А потом Эвника появилась в столовой — нарядная и смущенная. Тихо ахнула, увидев Симона и Самвела, метнулась в кухню, принесла две котлеты, кусочек сыру, немного маринованного перца. Быстро сбегала к соседке за хлебом, достала где-то зеленого луку.
— Вот что значит хозяйка! — кричал Самвел. — Появилась женщина — и все в порядке.
Эвника подсела к Симону, налила ему вина. Он терялся от ее подчеркнутого внимания, молчаливо благодарил, прикладывая руку к груди, но начало отношений было положено.
Самвелу Эвника раза два улыбнулась, сощурив темные понимающие глаза, укоризненно покачала головой при какой-то его вольной шутке, и Самвел распустил павлиний хвост, заиграл голосом, заворчал бровями.

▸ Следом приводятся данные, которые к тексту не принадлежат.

definition refl_prod :: "(real^6) list \<Rightarrow> real^6 \<Rightarrow> real^6" where
  "refl_prod ws = foldr (\<lambda>w f. reflR w \<circ> f) ws id"

lemma refl_prod_append: "refl_prod (ws @ vs) = refl_prod ws \<circ> refl_prod vs"
  by (induct ws) (simp_all add: refl_prod_def comp_assoc)

lemma refl_prod_rev_inverse:
  "\<forall>w\<in>set ws. lform w w \<noteq> 0 \<Longrightarrow> refl_prod (rev ws) \<circ> refl_prod ws = id"
proof (induct ws)
  case Nil
  then show ?case by (simp add: refl_prod_def)
next
  case (Cons w ws)
  have "refl_prod (rev (w # ws)) \<circ> refl_prod (w # ws) =
      refl_prod (rev ws) \<circ> (reflR w \<circ> reflR w) \<circ> refl_prod ws"
    by (simp add: refl_prod_append comp_assoc) (simp add: refl_prod_def)
  also have "reflR w \<circ> reflR w = id"
    using Cons.prems by (simp add: fun_eq_iff reflR_eq_reflection reflection_reflection)
  finally show ?case using Cons by simp
qed

lemma spinor_one_iff:
  "spinor_one R \<longleftrightarrow> (\<exists>ws. (\<forall>w\<in>set ws. lform w w \<noteq> 0)
      \<and> (\<lambda>x. R *v x) = refl_prod ws \<and> (\<Prod>w\<leftarrow>ws. - lform w w / 2) > 0)"
  by (simp add: spinor_one_def refl_prod_def)

lemma spinor_one_mat_1: "spinor_one (mat 1)"
  unfolding spinor_one_iff by (rule exI[of _ "[]"]) (simp add: refl_prod_def fun_eq_iff)

lemma spinor_one_mult:
  assumes "spinor_one A" "spinor_one B"
  shows "spinor_one (A ** B)"
proof -
  obtain ws vs where
    "\<forall>w\<in>set ws. lform w w \<noteq> 0" "(*v) A = refl_prod ws" "(\<Prod>w\<leftarrow>ws. - lform w w / 2) > 0"
    "\<forall>w\<in>set vs. lform w w \<noteq> 0" "(*v) B = refl_prod vs" "(\<Prod>w\<leftarrow>vs. - lform w w / 2) > 0"
    using assms unfolding spinor_one_iff by blast
  then show ?thesis
    unfolding spinor_one_iff
    by (intro exI[of _ "ws @ vs"])
      (auto simp: refl_prod_append fun_eq_iff matrix_vector_mul_assoc[symmetric] dest: fun_cong)
qed

lemma spinor_one_inverse:
  assumes "spinor_one A" "A ** B = mat 1"
  shows "spinor_one B"
proof -
  obtain ws where ws: "\<forall>w\<in>set ws. lform w w \<noteq> 0" "(*v) A = refl_prod ws"
      "(\<Prod>w\<leftarrow>ws. - lform w w / 2) > 0"
    using assms(1) unfolding spinor_one_iff by blast
  have "(*v) B = refl_prod (rev ws) \<circ> (refl_prod ws \<circ> (*v) B)"
    using refl_prod_rev_inverse[OF ws(1)] by (simp add: comp_assoc[symmetric])
  also have "refl_prod ws \<circ> (*v) B = id"
    using assms(2) ws(2) by (simp add: fun_eq_iff matrix_vector_mul_assoc) (metis matrix_vector_mul_assoc matrix_vector_mul_lid)
  finally have "(*v) B = refl_prod (rev ws)" by simp
  moreover have "(\<Prod>w\<leftarrow>rev ws. - lform w w / 2) = (\<Prod>w\<leftarrow>ws. - lform w w / 2)"
    by (induct ws) (simp_all add: mult.commute)
  ultimately show ?thesis
    unfolding spinor_one_iff using ws by (intro exI[of _ "rev ws"]) auto
qed
lemma eventually_taylor_val_le_trunc_val:
  assumes key: "key_poly v Q" and eQ: "eps v Q = ereal \<epsilon>" and "g \<noteq> 0"
  shows "\<forall>\<^sub>F \<delta> in at_left \<epsilon>. taylor_val v \<delta> g \<le> trunc_val v Q g"
proof -
  have dQ: "degree Q > 0" using eQ by (cases "degree Q = 0") (auto simp: eps_def)
  obtain m where m: "trunc_val v Q g = ereal m"
    using trunc_val_real[OF dQ \<open>g \<noteq> 0\<close>] by blast
  define C where "C = real (degree g) * real (degree Q)"
  have "((\<lambda>\<delta>. ereal (m + C * (\<epsilon> - \<delta>))) \<longlongrightarrow> ereal (m + C * (\<epsilon> - \<epsilon>))) (at_left \<epsilon>)"
    by (intro tendsto_intros)
  then have lim_gap: "((\<lambda>\<delta>. ereal (m + C * (\<epsilon> - \<delta>))) \<longlongrightarrow> ereal m) (at_left \<epsilon>)"
    by simp
  have lim_id: "((\<lambda>\<delta>. ereal \<delta>) \<longlongrightarrow> ereal \<epsilon>) (at_left \<epsilon>)"
    by (intro tendsto_intros)
  have "\<forall>\<^sub>F \<delta> in at_left \<epsilon>. \<delta> < \<epsilon>"
    using eventually_at_left_real[of "\<epsilon> - 1" \<epsilon>] by (auto elim: eventually_mono)
  moreover have "\<forall>\<^sub>F \<delta> in at_left \<epsilon>. \<forall>i\<in>{..degree g}. eps v (qexp_coeff Q g i) \<le> ereal \<delta>"
  proof (intro eventually_ball_finite ballI finite_atMost)
    fix i
    have "\<not> eps v Q \<le> eps v (qexp_coeff Q g i)"
      using key degree_qexp_coeff_less[OF dQ, of g i] by (auto simp: key_poly_def)
    then have "eps v (qexp_coeff Q g i) < ereal \<epsilon>" using eQ by simp
    from order_tendstoD(1)[OF lim_id this]
    show "\<forall>\<^sub>F \<delta> in at_left \<epsilon>. eps v (qexp_coeff Q g i) \<le> ereal \<delta>"
      by (rule eventually_mono) simp
  qed
  moreover have "\<forall>\<^sub>F \<delta> in at_left \<epsilon>. \<forall>i\<in>{..degree g}. ereal m < v (qexp_coeff Q g i * Q ^ i) \<longrightarrow>
      ereal (m + C * (\<epsilon> - \<delta>)) < v (qexp_coeff Q g i * Q ^ i)"
  proof (intro eventually_ball_finite ballI finite_atMost)
    fix i
    show "\<forall>\<^sub>F \<delta> in at_left \<epsilon>. ereal m < v (qexp_coeff Q g i * Q ^ i) \<longrightarrow>
        ereal (m + C * (\<epsilon> - \<delta>)) < v (qexp_coeff Q g i * Q ^ i)"
      using order_tendstoD(2)[OF lim_gap, of "v (qexp_coeff Q g i * Q ^ i)"]
      by (cases "ereal m < v (qexp_coeff Q g i * Q ^ i)") auto
  qed
  ultimately show ?thesis
  proof eventually_elim
    case (elim \<delta>)
    then show ?case
      using taylor_val_le_trunc_val[OF dQ eQ _ \<open>g \<noteq> 0\<close>, of \<delta>] by (simp add: m C_def)
  qed
qed

lemma min_val_add_le_taylor_val:
  assumes "degree Q > 0" "eps v Q = ereal \<epsilon>" "f = q * Q + r"
    and "eps v f \<le> ereal \<gamma>" "eps v r \<le> ereal \<gamma>" "\<gamma> \<le> \<delta>" "\<delta> \<le> \<epsilon>"
  shows "min (v f) (v r) + ereal (\<delta> - \<gamma>) \<le> taylor_val v \<delta> (q * Q)"
proof -
  interpret w: rank_one_val "taylor_val v \<gamma>"
    by (rule rank_one_val.intro[OF rank_one_valuation_taylor_val])
  have "min (v f) (v r) = min (taylor_val v \<gamma> f) (taylor_val v \<gamma> r)"
    using assms(4,5) by (simp add: taylor_val_eq_val)
  also have "\<dots> \<le> taylor_val v \<gamma> (q * Q)"
    using w.val_diff_ge[of f r] assms(3) by simp
  finally have "min (v f) (v r) + ereal (\<delta> - \<gamma>) \<le> taylor_val v \<gamma> (q * Q) + ereal (\<delta> - \<gamma>)"
    by (rule add_right_mono)
  also have "\<dots> \<le> taylor_val v \<delta> (q * Q)"
    using assms(1,2,6,7) by (rule taylor_val_mult_slope)
  finally show ?thesis .
qed


lemma val_eq_and_gap_le_trunc_val:
  assumes key: "key_poly v Q" and eQ: "eps v Q = ereal \<epsilon>"
    and fqr: "f = q * Q + r" and "q * Q \<noteq> 0"
    and eps_fr: "eps v f \<le> ereal \<gamma>" "eps v r \<le> ereal \<gamma>" and "\<gamma> < \<epsilon>"
  shows "v f = v r" and "v f + ereal (\<epsilon> - \<gamma>) \<le> trunc_val v Q (q * Q)"
proof -
  have dQ: "degree Q > 0" using eQ by (cases "degree Q = 0") (auto simp: eps_def)
  have shift: "min (v f) (v r) + ereal (\<delta> - \<gamma>) \<le> taylor_val v \<delta> (q * Q)" if "\<gamma> \<le> \<delta>" "\<delta> \<le> \<epsilon>" for \<delta>
    using min_val_add_le_taylor_val[OF dQ eQ fqr eps_fr that] .
  show vfr: "v f = v r"
    using shift[of \<epsilon>] \<open>\<gamma> < \<epsilon>\<close> taylor_val_le_val[of \<epsilon> "q * Q"] fqr
    by (intro val_eq_of_min_add_le[of _ _ "\<epsilon> - \<gamma>"]) (auto intro: order_trans)
  have "f \<noteq> 0"
  proof
    assume "f = 0"
    then have "r = 0" using vfr by (metis val_0 val_eq_PInf_iff)
    with \<open>f = 0\<close> fqr \<open>q * Q \<noteq> 0\<close> show False by simp
  qed
  then obtain \<phi> where \<phi>: "v f = ereal \<phi>" using val_real by blast
  have "\<forall>\<^sub>F \<delta> in at_left \<epsilon>. ereal ((\<phi> - \<gamma>) + \<delta>) \<le> trunc_val v Q (q * Q)"
    using eventually_taylor_val_le_trunc_val[OF key eQ \<open>q * Q \<noteq> 0\<close>] eventually_at_left_real[OF \<open>\<gamma> < \<epsilon>\<close>]
  proof eventually_elim
    case (elim \<delta>)
    have "ereal ((\<phi> - \<gamma>) + \<delta>) = min (v f) (v r) + ereal (\<delta> - \<gamma>)"
      using \<phi> vfr by simp
    also have "\<dots> \<le> taylor_val v \<delta> (q * Q)" using elim by (intro shift) auto
    finally show ?case using elim(1) by (rule order_trans)
  qed
  from ereal_le_of_eventually_at_left[OF this]
  show "v f + ereal (\<epsilon> - \<gamma>) \<le> trunc_val v Q (q * Q)"
    using \<phi> by (simp add: algebra_simps)
qed
end


theorem lemma2p1:
  fixes \<nu> :: "'a::field poly \<Rightarrow> ereal" and Q f q r :: "'a poly"
  assumes "rank_one_valuation \<nu>"
    and "key_poly \<nu> Q"
    and "f = q * Q + r"
    and "max (eps \<nu> f) (eps \<nu> r) < eps \<nu> Q"
  shows "\<nu> f + (eps \<nu> Q - max (eps \<nu> f) (eps \<nu> r)) \<le> trunc_val \<nu> Q (q * Q)
         \<and> \<nu> f = \<nu> r"
proof -
  interpret rank_one_val \<nu> by (rule rank_one_val.intro) fact
  have dQ: "degree Q > 0" using assms(4) by (cases "degree Q = 0") (auto simp: eps_def)
  then obtain \<epsilon> where eQ: "eps \<nu> Q = ereal \<epsilon>" using eps_real by blast
  show ?thesis
  proof (cases "q = 0")
    case True
    then show ?thesis using assms(3) by (simp add: trunc_val_def qexp_coeff_def)
  next
    case False
    then have qQ: "q * Q \<noteq> 0" using dQ by auto
    with dQ assms(3) have "degree f > 0 \<or> degree r > 0"
      using degree_diff_le[of f 0 r] by (auto simp: degree_mult_eq)
    then have "max (eps \<nu> f) (eps \<nu> r) \<noteq> -\<infinity>"
      using eps_real[of f] eps_real[of r] by (auto simp: max_def)
    with assms(4) eQ obtain \<gamma> where \<gamma>: "max (eps \<nu> f) (eps \<nu> r) = ereal \<gamma>" "\<gamma> < \<epsilon>"
      by (cases "max (eps \<nu> f) (eps \<nu> r)") auto
    then have "eps \<nu> f \<le> ereal \<gamma>" "eps \<nu> r \<le> ereal \<gamma>"
      by (metis max.cobounded1 max.cobounded2)+
    from val_eq_and_gap_le_trunc_val[OF assms(2) eQ assms(3) qQ this \<gamma>(2)]
    show ?thesis using eQ \<gamma>(1) by simp
  qed
qed

end
(* Let $n\ge2$, let $a_0,\dots,a_n$ be indeterminates and $P=\sum_{i=0}^na_ix^i$. For each $\boldsymbol\mu=(\mu_1,\dots,\mu_m)\in\mathcal M(n)$ with conjugate $\bar{\boldsymbol\mu}$, define $\tilde G_0=P$, $\tilde G_i=R_{\bar\mu_i}(\tilde G_{i-1},\tilde G_{i-1}')$ for $i\ge1$, regarded as polynomials in $x$ of formal degree $s_i=\sum_{k=i+1}^{\mu_1}\bar\mu_k$, and let $\mathcal S_{\boldsymbol\mu}$ be the set of polynomials in $a_0,\dots,a_n$ consisting of $D_j(\tilde G_i)$ for $0\le i\le\mu_1-2$ and $\bar\mu_{i+1}+1\le j\le s_i$; $D_{s_{\mu_1-1}}(\tilde G_{\mu_1-1})$; and $D_j(\tilde G_i)$ for $0\le i\le\mu_1-1$ and $1\le j\le\bar\mu_{i+1}$. Let $d_{\rm YHZ}$ be the maximum of the total degrees in $a_0,\dots,a_n$ of the polynomials in $\bigcup_{\boldsymbol\mu\in\mathcal M(n)}\mathcal S_{\boldsymbol\mu}$. Assume that for every $\boldsymbol\mu\in\mathcal M(n)$ and every $0\le i\le\mu_1-1$, the coefficient of $x^{s_i}$ in $\tilde G_i$ and the principal subresultant coefficient $\overline{R_{s_i}(\tilde G_i,\tilde G_i')}$ are not identically zero as polynomials in $a_0,\dots,a_n$. Then $d_{\rm YHZ}\ge 3^{\lfloor n/2\rfloor}$.
   Context: $\mathcal M(n)$ is the set of nonincreasing tuples $(\mu_1,\dots,\mu_m)$ of positive integers with sum $n$; the conjugate is $\bar{\boldsymbol\mu}=(\bar\mu_1,\bar\mu_2,\dots)$ with $\bar\mu_i=\#\{j:\mu_j\ge i\}$. For two polynomials $F_0,F_1$ with $d_0=\deg F_0$ (formal degree), $d_1=\deg F_1$, and $0\le\delta_1\le d_0$: put $\delta_0=d_1+\delta_1-d_0$ if $\delta_1\ge1$ and $d_1+\delta_1\ge d_0$, else $\delta_0=1$; $\boldsymbol M$ is the $(\delta_0+\delta_1)\times(\delta_0+d_0)$ matrix with rows the coefficient vectors of $x^{\delta_0-1}F_0,\dots,F_0,x^{\delta_1-1}F_1,\dots,F_1$ w.r.t. $x^{\delta_0+d_0-1},\dots,1$; $R_{\delta_1}(F_0,F_1)=\operatorname{dp}\boldsymbol M$ where for a $p\times q$ matrix ($p\le q$) $\operatorname{dp}\boldsymbol M=\sum_{i=0}^{q-p}\det[\boldsymbol M_1,\dots,\boldsymbol M_{p-1},\boldsymbol M_{q-i}]x^i$; $\overline{R_{\delta_1}(F_0,F_1)}$ is its coefficient of $x^{d_0-\delta_1}$. Discriminant sequence: for $G=\sum_{i=0}^s b_ix^i$ (formal degree $s$), the discrimination matrix is the $2s\times2s$ matrix whose rows $2k-1$, $2k$ ($k=1,\dots,s$) are the coefficient vectors of $x^{s-k}G$ and $x^{s-k}G'$ w.r.t. $x^{2s-1},\dots,1$; $D_j(G)$ is its leading principal $2j\times2j$ minor. *)

theory Defs
  imports "HOL-Library.Poly_Mapping" "HOL-Computational_Algebra.Polynomial"
    "Jordan_Normal_Form.Determinant"
begin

Все поехали провожать Георгия на аэродром. Конечно, это было ни к чему. Обычно он уезжал без всякой помпы. Нина с утра укладывала ему в портфель смену белья, пару рубах, и он отправлялся в поездку прямо с работы.
— Как можно без провожатых? — возмутилась Эвника. — Ты же не бродяга бездомный.
Было смешно смотреть, как перед недельной разлукой Самвел широко размахивает над головой соломенной шляпой, а Эвника прижимает к глазам платочек. Но все были чуть навеселе, растроганы, и даже Оник, пожав руку Георгию, сказал проникновенно:
— Насчет того дела не беспокойся. Придержим до твоего приезда.
А Георгий был уже далеко от беспокойства такого рода. Он сидел в мягком, удобном кресле. Из-под его ног убегала земля. Впереди был праздник. Москва — всегда трудный, шумный праздник.
Еще недавно он мечтал повезти Эвнику в Москву. Ей этого очень хотелось. Но перед вылетом он сказал ей: «А стоит ли ехать в твоем положении?» Он давно понял, что с ее беременностью что-то не так. Но то, что Эвника упорствовала, сейчас, пожалуй, было к лучшему. На обратном пути он заедет к Нине и детям. Об этом Эвника знать не должна. Она воспримет его поездку как трагедию. Он ничего не хотел от нее скрывать, но полная откровенность между ними не получилась. Жаль, конечно.